A new, provincially funded micro-credentials course at Humber will equip workers with the advanced manufacturing skills necessary to get hired and progress in the industry – quickly. The funding provided by the Ontario government enables learners to apply for OSAP.
The RapidSkills, Advanced Manufacturing Micro-credentials program is for people who are unemployed, underemployed or those who have prior credentials and need their skills officially recognized, like new Canadians.
Those interested in this upskilling program will have the flexibility to study on their own time.
The stackable micro-credentials include:
- Technical skills
- Mechatronics control systems
- Electro pneumatics and hydraulics
- Electric motors, actuators and drives
- Program Logic Controllers (PLCs)
- Lean manufacturing and quality control systems
- Advanced Manufacturing Project
- Essential skills (i.e., resilience, communication and critical thinking)
Learners have two weeks to work through the theoretical portion of each micro-credential on their own. After completing the online learning, they attend a lab at Humber’s North campus for a practical exercise where they demonstrate the skills they’ve learned in a hands-on environment.
“If you’re super keen to get all the theory done fast in a week, then that following Saturday and Sunday you can go and do the lab component. If it takes you two weeks, you can do it the next weekend,” said Dave Smiderle, associate dean of Continuous Professional Learning & Project Management Ontario Graduate Certificate and the Supply Chain Management cluster.
Learners will complete hands-on, practical tasks to prepare them for roles like machine operators, maintenance staff and manufacturing technicians or technologists.
By the end of the 19-week program, learners will complete a project as a group, using industry-standard simulation software to present their advanced manufacturing solution.
The micro-credentials program caters to the industry’s needs. Many employers have even approached the college to train their new employees. Several others look at hiring learners who have been through the program.
The in-person labs will be held at Humber’s North Campus, allowing learners to use state-of-the-art advanced manufacturing equipment.
At the end of the program, students will attend an employment and networking event with industry professionals and employers looking for candidates with their newly honed skills.
Several groups collaborated to create the micro-credential program, including experienced industrial trainers, college professors and recent graduates.
“We try to be inclusive and get the best of the best. All these people help develop the course materials in a project-based learning program,” said Hamid Karbasi, president and CEO of Neatco Engineering Services Inc.

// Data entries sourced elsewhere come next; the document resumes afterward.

(* For every $l\ge 2$ there exist complex numbers $\alpha^{(l)}_{[i]}$, indexed by words $i$ in $\{0,1\}$ with $1\le w(i)\le l-1$ and last letter $1$, such that each $\alpha^{(l)}_{[i]}$ is a linear combination with integer coefficients of multiple zeta values of weight exactly $l-1-w(i)$ (for weight $0$ this means an integer), and for all $0<x<1$ \[ g_l(x)=\begin{cases} \dfrac{1}{x}\displaystyle\sum_{m=1}^{l-1}\sum_{i\in I_m}\alpha^{(l)}_{[i]}L_{[i]}(x) & l \text{ even},\\[2mm] \displaystyle\sum_{m=1}^{l-1}\sum_{i\in I_m}\alpha^{(l)}_{[i]}L_{[i]}(x) & l\text{ odd}.\end{cases} \]
   Context: Hyperlogarithms: for a word $w=[\sigma_1|\dots|\sigma_n]$ in letters $\sigma_j\in\mathbb{C}$ with $\sigma_n\neq 0$, $L_{[\,]}(z)=1$ and $L_{[\sigma_1|\sigma_2|\dots|\sigma_n]}(z)=\int_0^z \omega_{\sigma_1}(t)L_{[\sigma_2|\dots|\sigma_n]}(t)$ with $\omega_0=dt/t$, $\omega_\sigma=dt/(\sigma-t)$ for $\sigma\ne0$. $w(i)$ is the number of letters of $i$. $I_m$ is the set of words $i=[i_1|\dots|i_m]$ with $i_k\in\{0,1\}$ and $i_m=1$. Multiple zeta values: $\zeta(s_1,\dots,s_r)=\sum_{k_1>\dots>k_r\ge1}\prod_j k_j^{-s_j}$ ($s_j\ge1$ integers, $s_1\ge2$), of weight $s_1+\dots+s_r$. The functions $g_l$ on $(0,1)$ are defined by $g_2(x)=\int_0^1\frac{dt}{1-tx}=\frac{-\log(1-x)}{x}$ and, for $l\ge2$, $g_{l+1}(x)=\int_0^1 \frac{t x\, g_l(t)}{1-tx}\,dt$ if $l$ is even and $g_{l+1}(x)=\int_0^1\frac{g_l(t)}{1-tx}\,dt$ if $l$ is odd (in the paper $g_l(x)=G_l(1,x)$). *)

theory Defs
  imports "HOL-Analysis.Analysis"
begin

fun hyperlog :: "real list \<Rightarrow> real \<Rightarrow> real" where
  "hyperlog [] z = 1"
| "hyperlog (\<sigma> # w) z =
     (if \<sigma> = 0 then integral {0..z} (\<lambda>t. hyperlog w t / t)
      else integral {0..z} (\<lambda>t. hyperlog w t / (\<sigma> - t)))"

definition Iw :: "nat \<Rightarrow> nat list set" where
  "Iw m = {i. length i = m \<and> set i \<subseteq> {0,1} \<and> m \<ge> 1 \<and> last i = 1}"
lemma exp_irrational_not_root_of_unity:
  fixes \<theta> :: real
  assumes "\<theta> \<notin> \<rat>" and "i \<ge> (1::nat)"
  shows "exp (2 * of_real pi * \<i> * of_real \<theta>) ^ i \<noteq> 1"
proof
  assume "exp (2 * of_real pi * \<i> * of_real \<theta>) ^ i = 1"
  hence "exp (of_nat i * (2 * of_real pi * \<i> * of_real \<theta>)) = 1" by (simp add: exp_of_nat_mult)
  then obtain k :: int where "Im (of_nat i * (2 * of_real pi * \<i> * of_real \<theta>)) = of_int (2 * k) * pi"
    unfolding exp_eq_1 by blast
  hence "real i * \<theta> = of_int k" by (simp add: field_simps)
  hence "\<theta> = of_int k / real i" using assms(2) by (simp add: field_simps)
  with assms(1) show False by simp
qed

theorem mainTheorem12:
  fixes \<theta> :: real and m n :: nat and \<epsilon> :: real
  assumes "0 < \<theta>" and "\<theta> < 1" and "\<theta> \<notin> \<rat>" and "m < n" and "\<epsilon> > 0"
  shows "\<exists>s::complex. 0 < cmod s \<and> cmod s < 1 \<and>
           (\<forall>g \<in> Z (exp (2 * of_real pi * \<i> * of_real \<theta>)) m n.
              \<exists>g' \<in> Z s m n. (SUP z. sdist (g' z) (g z)) < \<epsilon>)"
proof -
  define l where "l = exp (2 * of_real pi * \<i> * of_real \<theta>)"
  have "eventually (\<lambda>s. \<forall>f \<in> Z l m n. \<exists>f' \<in> Z s m n. \<forall>z. sdist (f' z) (f z) \<le> \<epsilon> / 2) (nhds l)"
    using Z_perturbation[of l m n "\<epsilon> / 2"] exp_irrational_not_root_of_unity[OF assms(3)] assms(4,5)
    unfolding l_def by simp
  moreover have "cmod l = 1" unfolding l_def by simp
  ultimately obtain s where s: "0 < cmod s" "cmod s < 1"
    and approx: "\<And>f. f \<in> Z l m n \<Longrightarrow> \<exists>f' \<in> Z s m n. \<forall>z. sdist (f' z) (f z) \<le> \<epsilon> / 2"
    using unit_circle_approached_from_inside by blast
  have "\<exists>f' \<in> Z s m n. (SUP z. sdist (f' z) (f z)) < \<epsilon>" if f: "f \<in> Z l m n" for f
  proof -
    obtain f' where "f' \<in> Z s m n" and "\<forall>z. sdist (f' z) (f z) \<le> \<epsilon> / 2"
      using approx[OF f] by blast
    moreover from this(2) have "(SUP z. sdist (f' z) (f z)) \<le> \<epsilon> / 2" by (intro cSUP_least) auto
    ultimately show ?thesis using assms(5) by force
  qed
  with s show ?thesis unfolding l_def by blast
qed

end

Karbasi and his colleagues worked with programmers from Continuous Professional Learning at Humber to develop the highly interactive online modules.
“We paid great attention to developing materials that are understandable, easy to read and yet very practical. We tried to make it intuitive so they can relate it to examples they find in their daily life.”
The first cohort of the Advanced Manufacturing Micro-Credentials program starts in February.